17.1. Материя и язык
Описание одежды (означающее вестиментарного кода) может быть местом риторической коннотации. Специфика этой риторики обусловлена материальной природой описываемого объекта, то есть одежды; она характеризуется своеобразной встречей материи и языка — и вот такую ситуацию мы и будем называть поэтикой. Конечно, язык может накладываться на материю и без всякой «поэзии»; по крайней мере, так происходит во всех денотативных высказываниях - какую-нибудь машину можно технически описать через простую номенклатуру ее деталей и их функций; это чистая денотация постольку, поскольку описание сохраняет функциональный характер, составляется в целях реального пользования (для построения или применения машины), но если техническое описание оказывается лишь своеобразным зрелищем себя самого и представлено как сигналетическая копия той или иной родовой категории (например, в пародии или романе), то имеет место коннотация и возникает «поэтика» машины; пожалуй, подлинным критерием денотации именно и служит транзитивность языка; а его нетранзитивность (или лжетранзитивность, или же рефлексивность) обозначает коннотацию; превращение в поэзию происходит тогда, когда реальная функция подменяется зрелищем, даже если это зрелище прикрывается видимостью функции.
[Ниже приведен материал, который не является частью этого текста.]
lemma irredundant_card_bound:
  assumes irr: "irredundant G D"
  shows "card D \<le> card T + 1 \<and> (card D = card T + 1 \<longrightarrow> D \<in> anchored ` (A \<union> B))"
proof -
  have fin: "finite D" using finite_irredundant[OF graph irr] .
  have at_most_one: "card (D \<inter> X) \<le> 1" if "\<forall>x\<in>D \<inter> X. \<forall>y\<in>D \<inter> X. x = y" for X
    using that card_le_Suc0_iff_eq[of "D \<inter> X"] fin by auto
  consider (two_in_T) t1 t2 where "t1 \<in> D \<inter> T" "t2 \<in> D \<inter> T" "t1 \<noteq> t2"
    | (two_in_S) s1 s2 where "s1 \<in> D \<inter> S" "s2 \<in> D \<inter> S" "s1 \<noteq> s2"
    | (few) "card (D \<inter> T) \<le> 1" "card (D \<inter> S) \<le> 1"
    using at_most_one[of T] at_most_one[of S] by blast
  then show ?thesis
  proof cases
    case two_in_T
    have "card D \<le> card T + 1 \<and> (card D = card T + 1 \<longrightarrow> (\<exists>a\<in>A. D = insert a T))"
      using irredundant_two_in_T_subset[OF irr two_in_T]
        irredundant_two_in_T_card[OF irr two_in_T(1)] fin finite_parts(3)
      by (intro card_subset_Un_at_most_one)
    moreover have "insert a T = anchored a" if "a \<in> A" for a using that by (simp add: anchored_def)
    ultimately show ?thesis by blast
  next
    case two_in_S
    have "card D \<le> card S + 1 \<and> (card D = card S + 1 \<longrightarrow> (\<exists>b\<in>B. D = insert b S))"
      using IR_gadget.irredundant_two_in_T_subset[OF IR_gadget_swap irr two_in_S]
        IR_gadget.irredundant_two_in_T_card[OF IR_gadget_swap irr two_in_S(1)] fin finite_parts(4)
      by (intro card_subset_Un_at_most_one)
    moreover have "insert b S = anchored b" if "b \<in> B" for b
      using that disjoint(1) by (auto simp: anchored_def)
    ultimately show ?thesis using card_S by auto
  next
    case few
    have "D \<subseteq> A \<union> B \<union> (D \<inter> T) \<union> (D \<inter> S)" using irr verts_eq by (auto simp: irredundant_def)
    then have "card D \<le> card (A \<union> B \<union> (D \<inter> T) \<union> (D \<inter> S))"
      using finite_parts by (intro card_mono) auto
    also have "\<dots> \<le> card A + card B + card (D \<inter> T) + card (D \<inter> S)"
      by (meson card_Un_le add_le_mono le_refl order_trans)
    finally show ?thesis using few card_T by linarith
  qed
qed
lemma fsm_nonneg_measure:
  fixes \<sigma> :: "'a::topological_space set \<Rightarrow> real"
  assumes "\<sigma> \<in> fsm" and nonneg: "\<And>X. X \<in> sets borel \<Longrightarrow> 0 \<le> \<sigma> X"
  obtains m where "finite_measure m" "sets m = sets borel"
    "\<And>A. A \<in> sets borel \<Longrightarrow> measure m A = \<sigma> A"
proof
  define m where "m = measure_of UNIV (sets borel) (\<lambda>A. ennreal (\<sigma> A))"
  have "countably_additive (sets borel) (\<lambda>A. ennreal (\<sigma> A))"
    unfolding countably_additive_def
  proof safe
    fix A :: "nat \<Rightarrow> 'a set"
    assume A: "range A \<subseteq> sets borel" "disjoint_family A"
    then have sums: "(\<lambda>n. \<sigma> (A n)) sums \<sigma> (\<Union>n. A n)"
      by (rule fsm_sums[OF assms(1)])
    then show "(\<Sum>i. ennreal (\<sigma> (A i))) = ennreal (\<sigma> (\<Union> (range A)))"
      using A(1) nonneg by (subst suminf_ennreal2) (auto simp: sums_iff)
  qed
  then have emeasure: "emeasure m A = ennreal (\<sigma> A)" if "A \<in> sets borel" for A
    unfolding m_def using that fsm_empty[OF assms(1)]
    by (intro emeasure_measure_of_sigma) (auto simp: positive_def sets.sigma_algebra_axioms[of borel, simplified])
  show sets: "sets m = sets borel"
    unfolding m_def by (metis sets_measure_of sets.space_closed sets.sigma_sets_eq space_borel)
  show "finite_measure m"
    using sets_eq_imp_space_eq[OF sets] by (intro finite_measureI) (simp add: emeasure)
  show "measure m A = \<sigma> A" if "A \<in> sets borel" for A
    using emeasure[OF that] nonneg[OF that] by (simp add: measure_def)
qed

lemma fsm_Jordan_decomposition:
  fixes \<nu> :: "'a::topological_space set \<Rightarrow> real"
  assumes "\<nu> \<in> fsm"
  shows "\<exists>m1 m2. finite_measure m1 \<and> sets m1 = sets (borel::'a measure) \<and>
    finite_measure m2 \<and> sets m2 = sets (borel::'a measure) \<and>
    (\<forall>A\<in>sets (borel::'a measure). \<nu> A = measure m1 A - measure m2 A)"
proof -
  obtain Y where Y: "Y \<in> sets borel" "\<And>X. X \<in> sets borel \<Longrightarrow> X \<subseteq> Y \<Longrightarrow> 0 \<le> \<nu> X"
    "\<And>X. X \<in> sets borel \<Longrightarrow> X \<inter> Y = {} \<Longrightarrow> \<nu> X \<le> 0"
    using fsm_Hahn_decomposition[OF assms] by blast
  obtain m1 where m1: "finite_measure m1" "sets m1 = sets borel"
      "\<And>A. A \<in> sets borel \<Longrightarrow> measure m1 A = \<nu> (A \<inter> Y)"
  proof (rule fsm_nonneg_measure[OF fsm_restrict[OF assms Y(1)]])
    show "0 \<le> (if X \<in> sets borel then \<nu> (X \<inter> Y) else 0)" if "X \<in> sets borel" for X
      using Y that by auto
  qed (auto intro: that)
  obtain m2 where m2: "finite_measure m2" "sets m2 = sets borel"
      "\<And>A. A \<in> sets borel \<Longrightarrow> measure m2 A = - \<nu> (A \<inter> - Y)"
  proof (rule fsm_nonneg_measure[OF fsm_cmult[OF fsm_restrict[OF assms, of "- Y"], of "- 1"]])
    show "0 \<le> - 1 * (if X \<in> sets borel then \<nu> (X \<inter> - Y) else 0)" if "X \<in> sets borel" for X
      using Y that by auto
  qed (use Y(1) in \<open>auto intro: that\<close>)
  have "\<nu> A = measure m1 A - measure m2 A" if "A \<in> sets borel" for A
    using fsm_Diff[OF assms that Y(1)] m1(3)[OF that] m2(3)[OF that] by (simp add: Diff_eq)
  then show ?thesis
    using m1(1,2) m2(1,2) by blast
qed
Итак, при всяком нетранзитивном (непродуктивном) описании возникает возможность некоторой поэтики, даже если эта поэтика и не следует эстети-
ческим ценностям; ибо при описании материального предмета, не преследующем цели его построить или пользоваться им, приходится связывать качества его материи с каким-то вторичным смыслом, обозначая себя самого через приписываемую ему категорию «заслуживающего упоминания»; во всяком нетранзитивном описании заложено некоторое воображаемое. Каково же это воображаемое в описаниях модного журнала?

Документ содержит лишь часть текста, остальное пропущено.